0 votes Thank Flag Link Sat Oct 22, 2011
@John

Please review the two blog posts below and then buckle your seatbelt (and take a blood pressure pill) for the documentary link I have provided.

"Coming to a neighborhood near you: REO Shadow Inventory"
http://www.trulia.com/blog/steve_ornellas_mba_re_mastersgri/…

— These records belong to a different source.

text \<open>Uniform convexity of \<open>C\<close> leaves room for a ball of radius \<open>(\<mu>/p) \<eta>(1 - \<eta>) \<parallel>x - s\<parallel>\<^sup>p\<close> around
  \<open>s + \<eta>(x - s)\<close>; optimality of \<open>s\<close> against every point of that ball yields the dual norm of \<open>g\<close>.\<close>

lemma uniformly_convex_set_power_bound:
  assumes ucs: "uniformly_convex_set N p \<mu> C" and N: "is_norm N" and p: "0 < p" and \<mu>: "0 < \<mu>"
    and l: "0 < l" "l \<le> dual_norm N g" and x: "x \<in> C" and s: "s \<in> C"
    and opt: "\<And>y. y \<in> C \<Longrightarrow> g \<bullet> s \<le> g \<bullet> y"
  shows "N (s - x) powr p \<le> p / (l * \<mu>) * (g \<bullet> (x - s))"
proof -
  define a where "a = g \<bullet> (x - s)"
  have "0 \<le> a" using opt[OF x] unfolding a_def by (simp add: inner_diff_right)
  have "l * (\<mu> / p * N (x - s) powr p) \<le> a"
  proof (rule field_le_mult_one_interval)
    fix z :: real assume z: "0 < z" "z < 1"
    define \<eta> where "\<eta> = 1 - z"
    define k where "k = z * (\<mu> / p * N (x - s) powr p)"
    have "0 \<le> k" using z p \<mu> unfolding k_def by simp
    have k_le: "k * (g \<bullet> w) \<le> a" if "N w \<le> 1" for w
    proof -
      have "N (- w) \<le> 1" using that is_norm_minus[OF N] by simp
      moreover have "\<eta> \<in> {0..1}" using z unfolding \<eta>_def by simp
      ultimately have "s + \<eta> *\<^sub>R (x - s) + (\<mu> / p * \<eta> * (1 - \<eta>) * N (x - s) powr p) *\<^sub>R (- w) \<in> C"
        using ucs s x unfolding uniformly_convex_set_def by blast
      from opt[OF this] have "\<eta> * (k * (g \<bullet> w)) \<le> \<eta> * a"
        unfolding a_def k_def \<eta>_def by (simp add: inner_add_right inner_diff_right algebra_simps)
      moreover have "0 < \<eta>" using z unfolding \<eta>_def by simp
      ultimately show ?thesis by (rule mult_left_le_imp_le)
    qed
    have "k * dual_norm N g \<le> a"
    proof (cases "k = 0")
      case True
      with \<open>0 \<le> a\<close> show ?thesis by simp
    next
      case False
      with \<open>0 \<le> k\<close> have "0 < k" by simp
      with k_le have "dual_norm N g \<le> a / k"
        by (intro dual_norm_least[OF N]) (simp add: pos_le_divide_eq mult.commute)
      with \<open>0 < k\<close> show ?thesis by (simp add: pos_le_divide_eq mult.commute)
    qed
    moreover have "k * l \<le> k * dual_norm N g" using l(2) \<open>0 \<le> k\<close> by (rule mult_left_mono)
    ultimately show "z * (l * (\<mu> / p * N (x - s) powr p)) \<le> a" unfolding k_def by (simp add: algebra_simps)
  qed
  then show ?thesis
    using p \<mu> l is_norm_minus_commute[OF N, of x s] unfolding a_def by (simp add: field_simps)
qed
definition contract_order :: "'n dat \<Rightarrow> 'n \<Rightarrow> 'n set \<Rightarrow> ('n \<times> 'n) set \<Rightarrow> ('n \<times> 'n) set" where
  "contract_order T v A P = lift_order (module_block T v A) (contract_set T v A P) P"

lemma contract_simps [simp]:
  "nodes (contract T v) = nodes T - (desc T v - {v})" "rt (contract T v) = rt T"
  "ntyp (contract T v) = (ntyp T)(v := BAS)" "children (contract T v) = (children T)(v := [])"
  by (simp_all add: contract_def)

lemma Bset_contract_subset: "Bset (contract T v) c \<subseteq> desc T c"
proof -
  have "edges (contract T v) \<subseteq> edges T" by (auto simp: edges_def split: if_splits)
  then have "desc (contract T v) c \<subseteq> desc T c" by (rule desc_mono_edges)
  then show ?thesis unfolding Bset_def by blast
qed

lemma rt_in_contract:
  assumes "is_DAT T" "v \<in> nodes T"
  shows "rt T \<in> nodes (contract T v)"
proof (rule ccontr)
  assume "rt T \<notin> nodes (contract T v)"
  then have "(v, rt T) \<in> (edges T)\<^sup>+"
    using assms(1) by (auto simp: is_DAT_def desc_def rtrancl_eq_or_trancl)
  moreover have "(rt T, v) \<in> (edges T)\<^sup>*" using assms unfolding is_DAT_def by blast
  ultimately have "(v, v) \<in> (edges T)\<^sup>+" by (rule trancl_rtrancl_trancl)
  then show False using assms(1) unfolding is_DAT_def by blast
qed

lemma contract_child_in_nodes:
  assumes "is_DAT T" "is_module T v"
    and "u \<in> nodes (contract T v)" "u \<noteq> v" "c \<in> set (children T u)"
  shows "c \<in> nodes (contract T v)"
proof -
  have u: "u \<in> nodes T" "u \<notin> desc T v" using assms(3,4) by auto
  then have "c \<in> nodes T" using assms(1,5) unfolding is_DAT_def by blast
  moreover have "c \<notin> desc T v - {v}"
    using assms(2,5) u unfolding is_module_def by blast
  ultimately show ?thesis by simp
qed

lemma attack_finite: "is_DAT T \<Longrightarrow> is_attack T A P \<Longrightarrow> finite A"
  unfolding is_DAT_def is_attack_def basnodes_def by (blast intro: finite_subset)

lemma module_not_in_attack: "is_module T v \<Longrightarrow> is_attack T A P \<Longrightarrow> v \<notin> A"
  unfolding is_module_def is_attack_def basnodes_def by blast

lemma contract_set_subset: "contract_set T v A P \<subseteq> insert v A"
  unfolding contract_set_def by blast

lemma module_block_nonempty:
  assumes "is_module T v" "is_attack T A P" "is_DAT T" "x \<in> contract_set T v A P"
  shows "module_block T v A x \<noteq> {}"
proof (cases "x = v")
  case True
  then have "reaches T A P v"
    using assms(4) module_not_in_attack[OF assms(1,2)] by (simp add: contract_set_def)
  with True show ?thesis using reaches_Bset_nonempty[OF assms(3)] by (simp add: module_block_def)
qed (simp add: module_block_def)

lemma is_attack_contract:
  assumes "is_DAT T" "is_module T v" "is_attack T A P"
  shows "is_attack (contract T v) (contract_set T v A P) (contract_order T v A P)"
  unfolding is_attack_def contract_order_def
proof (intro conjI)
  have "v \<in> nodes T" using assms(2) unfolding is_module_def by blast
  then show "contract_set T v A P \<subseteq> basnodes (contract T v)"
    using assms(3) desc_refl[of v T]
    by (auto simp: contract_set_def is_attack_def basnodes_def Bset_def)
  show "lift_order (module_block T v A) (contract_set T v A P) P
      \<subseteq> contract_set T v A P \<times> contract_set T v A P"
    unfolding lift_order_def by blast
  have blocks: "\<forall>x \<in> contract_set T v A P. module_block T v A x \<noteq> {}"
    using module_block_nonempty[OF assms(2,3,1)] by blast
  have "\<forall>a. (a, a) \<notin> P" "trans P" using assms(3) unfolding is_attack_def by blast+
  then show "\<forall>a. (a, a) \<notin> lift_order (module_block T v A) (contract_set T v A P) P"
    and "trans (lift_order (module_block T v A) (contract_set T v A P) P)"
    using lift_order_irrefl[OF blocks] lift_order_trans[OF blocks] by blast+
qed

lemma module_block_subset_Bset:
  assumes "is_attack T A P" "x \<in> contract_set T v A P" "x \<in> Bset (contract T v) c"
  shows "module_block T v A x \<subseteq> A \<inter> Bset T c"
proof (cases "x = v")
  case True
  then show ?thesis
    using assms(3) Bset_contract_subset Bset_mono by (fastforce simp: module_block_def)
next
  case False
  then show ?thesis using assms Bset_contract_subset
    by (fastforce simp: module_block_def contract_set_def is_attack_def Bset_def)
qed

lemma reaches_contract_new_leaf:
  "v \<in> nodes T \<Longrightarrow> reaches T A P v \<Longrightarrow> reaches (contract T v) (contract_set T v A P) P' v"
  by (rule reaches.r_bas) (auto simp: contract_set_def desc_refl)

lemma contract_order_siblings:
  assumes "is_attack T A P" and "\<forall>x \<in> A \<inter> Bset T c. \<forall>y \<in> A \<inter> Bset T c'. (x, y) \<in> P"
    and "a \<in> contract_set T v A P \<inter> Bset (contract T v) c"
    and "a' \<in> contract_set T v A P \<inter> Bset (contract T v) c'"
  shows "(a, a') \<in> contract_order T v A P"
proof -
  have "module_block T v A a \<subseteq> A \<inter> Bset T c" "module_block T v A a' \<subseteq> A \<inter> Bset T c'"
    using module_block_subset_Bset[OF assms(1)] assms(3,4) by blast+
  with assms show ?thesis unfolding contract_order_def lift_order_def by blast
qed
(* Let $\mathfrak{g}$ be a finite-dimensional real Lie algebra with linear bivector $\bar\alpha^{ij}=\tfrac12c_k^{ij}X^k$. Every graph $\Gamma\in G_n$ whose operator $B_{\Gamma,\bar\alpha}$ is not identically zero is either a loop graph or a Sym-admissible graph. Thus the bi-differential operators occurring in Kontsevich's quantization of $\mathfrak{g}^*$ are of two types: those corresponding to loop graphs and those corresponding to Sym-admissible graphs.
   Context: Basis $X^1,\ldots,X^d$ of $\mathfrak{g}$ with $[X^i,X^j]=c_k^{ij}X^k$; the $X^i$ are linear coordinates on $\mathfrak{g}^*$, $\partial_i=\partial/\partial X^i$. $G_n$: oriented labeled graphs with vertex set $\{1,\ldots,n\}\cup\{X,Y\}$ and $2n$ edges, exactly two ordered edges $e_k^1,e_k^2$ starting at each aerial vertex $k$ and ending at vertices other than $k$, none starting at $X,Y$. $B_{\Gamma,\bar\alpha}(f,g)=\sum_{I:E_\Gamma\to\{1,\ldots,d\}}\Big[\prod_{k=1}^n\Big(\prod_{e=( *,k)}\partial_{I(e)}\Big)\bar\alpha^{I(e_k^1)I(e_k^2)}\Big]\Big(\prod_{e=( *,X)}\partial_{I(e)}\Big)f\,\Big(\prod_{e=( *,Y)}\partial_{I(e)}\Big)g$. Kontsevich's quantization of $\mathfrak{g}^*$ is $f\star g=\sum_n\epsilon^n\sum_{\Gamma\in G_n}w_K(\Gamma)B_{\Gamma,\bar\alpha}(f,g)$ for certain numerical weights $w_K(\Gamma)$. A loop graph is one containing a directed cycle. A graph is Sym-admissible if it is the graph with no edges, or if, after redirecting each edge ending at $X$ (resp. $Y$) to its own new leaf labeled $X$ (resp. $Y$), it becomes a disjoint union of rooted binary trees whose internal nodes are the aerial vertices (edges directed from a node to its two children) and whose leaves are the new $X/Y$ leaves. *)

theory Defs
  imports "HOL-Analysis.Analysis" "HOL-Library.FuncSet"
begin

datatype vtx = Aer nat | VX | VY

text \<open>A graph Gamma in G_n is given by assigning to each aerial vertex k in {1..n}
  the pair (target of e_k^1, target of e_k^2). Values outside {1..n} are irrelevant.\<close>
type_synonym graph = "nat \<Rightarrow> vtx \<times> vtx"

definition verts :: "nat \<Rightarrow> vtx set" where
  "verts n = Aer ` {1..n} \<union> {VX, VY}"

definition in_G :: "nat \<Rightarrow> graph \<Rightarrow> bool" where
  "in_G n \<Gamma> \<longleftrightarrow> (\<forall>k\<in>{1..n}.
      fst (\<Gamma> k) \<in> verts n - {Aer k} \<and> snd (\<Gamma> k) \<in> verts n - {Aer k})"

text \<open>Edges: (k,1) is e_k^1 and (k,2) is e_k^2.\<close>
definition edges :: "nat \<Rightarrow> (nat \<times> nat) set" where
  "edges n = {1..n} \<times> {1, 2}"

definition tgt :: "graph \<Rightarrow> nat \<times> nat \<Rightarrow> vtx" where
  "tgt \<Gamma> e = (if snd e = 1 then fst (\<Gamma> (fst e)) else snd (\<Gamma> (fst e)))"

definition edges_into :: "nat \<Rightarrow> graph \<Rightarrow> vtx \<Rightarrow> (nat \<times> nat) list" where
  "edges_into n \<Gamma> v =
     filter (\<lambda>e. tgt \<Gamma> e = v) (concat (map (\<lambda>k. [(k, 1), (k, 2)]) [1..<Suc n]))"

definition pd :: "'d::finite \<Rightarrow> (real^'d \<Rightarrow> real) \<Rightarrow> (real^'d \<Rightarrow> real)" where
  "pd i f = (\<lambda>x. frechet_derivative f (at x) (axis i 1))"

fun pds :: "'d::finite list \<Rightarrow> (real^'d \<Rightarrow> real) \<Rightarrow> (real^'d \<Rightarrow> real)" where
  "pds [] f = f"
| "pds (i # is) f = pd i (pds is f)"

definition smooth_fun :: "(real^'d::finite \<Rightarrow> real) \<Rightarrow> bool" where
  "smooth_fun f \<longleftrightarrow> (\<forall>is. pds is f differentiable_on UNIV)"

text \<open>Structure constants: c i j k = c_k^{ij}, i.e. [X^i, X^j] = sum_k c_k^{ij} X^k.\<close>
definition lin_bivector :: "('d::finite \<Rightarrow> 'd \<Rightarrow> 'd \<Rightarrow> real) \<Rightarrow> 'd \<Rightarrow> 'd \<Rightarrow> real^'d \<Rightarrow> real" where
  "lin_bivector c i j = (\<lambda>x. (1/2) * (\<Sum>k\<in>UNIV. c i j k * x $ k))"

definition B_op :: "nat \<Rightarrow> graph \<Rightarrow> ('d::finite \<Rightarrow> 'd \<Rightarrow> real^'d \<Rightarrow> real)
                    \<Rightarrow> (real^'d \<Rightarrow> real) \<Rightarrow> (real^'d \<Rightarrow> real) \<Rightarrow> real^'d \<Rightarrow> real" where
  "B_op n \<Gamma> \<alpha> f g x =
     (\<Sum>I\<in>edges n \<rightarrow>\<^sub>E (UNIV :: 'd set).
        (\<Prod>k\<in>{1..n}. pds (map I (edges_into n \<Gamma> (Aer k))) (\<alpha> (I (k,1)) (I (k,2))) x)
        * pds (map I (edges_into n \<Gamma> VX)) f x
        * pds (map I (edges_into n \<Gamma> VY)) g x)"

definition edge_rel :: "nat \<Rightarrow> graph \<Rightarrow> (vtx \<times> vtx) set" where
  "edge_rel n \<Gamma> = {(Aer (fst e), tgt \<Gamma> e) | e. e \<in> edges n}"

definition loop_graph :: "nat \<Rightarrow> graph \<Rightarrow> bool" where
  "loop_graph n \<Gamma> \<longleftrightarrow> (\<exists>v. (v, v) \<in> (edge_rel n \<Gamma>)\<^sup>+)"

text \<open>Rooted binary trees: internal nodes labelled by aerial vertices (ordered children:
  first child = target of e_k^1, second child = target of e_k^2), leaves labelled X or Y.\<close>
datatype xy = LX | LY
datatype btree = Leaf xy | Node nat btree btree

fun root_vtx :: "btree \<Rightarrow> vtx" where
  "root_vtx (Leaf LX) = VX"
| "root_vtx (Leaf LY) = VY"
| "root_vtx (Node k l r) = Aer k"

fun internal :: "btree \<Rightarrow> nat list" where
  "internal (Leaf a) = []"
| "internal (Node k l r) = k # internal l @ internal r"

text \<open>Every internal node k of the tree has as children exactly the targets of e_k^1, e_k^2
  (edges to X / Y being redirected to their own new leaves).\<close>
fun tree_of_graph :: "graph \<Rightarrow> btree \<Rightarrow> bool" where
  "tree_of_graph \<Gamma> (Leaf a) = True"
| "tree_of_graph \<Gamma> (Node k l r) =
     (root_vtx l = fst (\<Gamma> k) \<and> root_vtx r = snd (\<Gamma> k)
      \<and> tree_of_graph \<Gamma> l \<and> tree_of_graph \<Gamma> r)"
(* Let $0\le\ell\le r$ and let $a_1,b_1,\dots,a_s,b_s\ge0$ be integers with $\sum_{i=1}^s a_i+\sum_{i=1}^s b_i=\ell$. Put $k=\sum_{i=1}^s a_i$. Then the ideal $S^{a_1}L^{b_1}S^{a_2}L^{b_2}\cdots S^{a_s}L^{b_s}(p)\subseteq R_\ell$ (operators applied successively starting from $(p)=p\mathbb{Z}\subseteq R_0$) depends only on $k$, and $$S^{a_1}L^{b_1}\cdots S^{a_s}L^{b_s}(p)=S^kL^{\ell-k}(p)=L^{\ell-k}S^k(p)=J_{\ell,0}(p^{k+1}).$$
   Context: Fix a prime $p$ and an integer $r\ge0$. For $0\le k\le r$ let $R_k$ be the commutative ring which is free as a $\mathbb{Z}$-module with basis $X_{k,0},\dots,X_{k,k}$ and multiplication $X_{k,i}X_{k,j}=p^{k-\max(i,j)}X_{k,\min(i,j)}$; thus $X_{k,k}=1$, and an integer $n$ is identified with $nX_{k,k}$. For $0\le k\le\ell\le r$ define: the additive map $\mathrm{ind}^\ell_k:R_k\to R_\ell$, $X_{k,i}\mapsto X_{\ell,i}$; the ring homomorphism $\mathrm{res}^\ell_k:R_\ell\to R_k$, $\mathrm{res}^\ell_k(X_{\ell,i})=p^{\ell-k}X_{k,i}$ if $i\le k$ and $=p^{\ell-i}$ if $i\ge k$; and the multiplicative map $\mathrm{jnd}^\ell_k:R_k\to R_\ell$, $$\mathrm{jnd}^\ell_k\Big(\sum_{i=0}^k m_iX_{k,i}\Big)=m_kX_{\ell,\ell}+\sum_{k\le i<\ell}\frac{m_k^{p^{\ell-i}}-m_k^{p^{\ell-i-1}}}{p^{\ell-i}}X_{\ell,i}+\sum_{0\le i<k}\frac{(\sum_{s=i}^k m_sp^{k-s})^{p^{\ell-k}}-(\sum_{s=i+1}^k m_sp^{k-s})^{p^{\ell-k}}}{p^{\ell-i}}X_{\ell,i}$$ ($m_i\in\mathbb{Z}$). For $1\le k\le r$ and an ideal $I\subseteq R_{k-1}$: $L(I)=(\mathrm{res}^k_{k-1})^{-1}(I)\subseteq R_k$, and $S(I)$ is the ideal of $R_k$ generated by $\mathrm{ind}^k_{k-1}(I)\cup\mathrm{jnd}^k_{k-1}(I)$; $L^n,S^n$ are iterates (each step raising the index by one). For $0\le i\le\ell$, $F_{\ell,i}=X_{\ell,i}-p^{\ell-i}$; for $0\le k\le\ell$ and $x\in\mathbb{Z}$, $J_{\ell,k}(x)\subseteq R_\ell$ is the ideal generated by $x,F_{\ell,k},\dots,F_{\ell,\ell-1}$ if $k\le\ell-1$, and $J_{\ell,\ell}(x)=xR_\ell$. *)

theory Defs
  imports Main "HOL-Computational_Algebra.Primes"
begin

text \<open>Elements of R_k are represented as coefficient functions x :: nat => int,
  x i being the coefficient of X_{k,i}; they must vanish above k.\<close>

definition carrier_R :: "nat \<Rightarrow> (nat \<Rightarrow> int) set" where
  "carrier_R k = {x. \<forall>m>k. x m = 0}"

definition basisX :: "nat \<Rightarrow> nat \<Rightarrow> nat \<Rightarrow> int" where
  "basisX k i = (\<lambda>m. if m = i \<and> i \<le> k then 1 else 0)"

"Why the US Loan Modification Program is Ineffectual – No, Really!"
http://www.trulia.com/blog/steve_ornellas_mba_re_mastersgri/…



"Inside Job"
http://www.theotherschoolofeconomics.org/?p=2499

In my opinion, an excellent must-watch documentary that best tells the story of the "mortgage meltdown" (starts with Iceland as the opening story and then concentrates on the US experience


-Steve
0 votes Thank Flag Link Sat Oct 22, 2011
Sorry Judy, but I just can't side with that "mix of mortgage lender(s) and bank(s)" mentality anymore. I don't really think the big banks want the biz anymore. They're just under pressure from the FED (Obama QE1) to perform or at least make believe they are. They're just sitting on those billions and being paid to do so all while stiffling the US RE market.
0 votes Thank Flag Link Fri Oct 21, 2011
Steve, I'm trying to give you a triple thumbs up albeit I did award you the very best of answers. However, having said that, can anyone answer the second part of my question. Since the FED, or should I say the QE1 850b (Osama bailout) the bank was actually paid by the government to forgive our mortgage debt was it not? So who do we really owe all our mortgages to? I'm very nieve on this so please enlighten me.
0 votes Thank Flag Link Fri Oct 21, 2011
Thumb for Steve!

One more addition

Retail Banks (Wells, BofA, Chase, etc.):

f) Extremely long turn times.
0 votes Thank Flag Link Fri Oct 21, 2011
I advise my clients to contact three lenders (a mix of mortgage lender(s) and bank(s)). Get preapproved by each lender and ask them for what's call a Good Faith Estimate. The Good Faith Estimate has a breakdown of what you're being charged for and will show you how much you're paying over the duration of your 15 or 30 year mortgage. A great way to compare who is better - may take more time and a little money but in the long run may be a substantial savings.
0 votes Thank Flag Link Fri Oct 21, 2011
thank you Mark first most commonsensical and literate answer so far.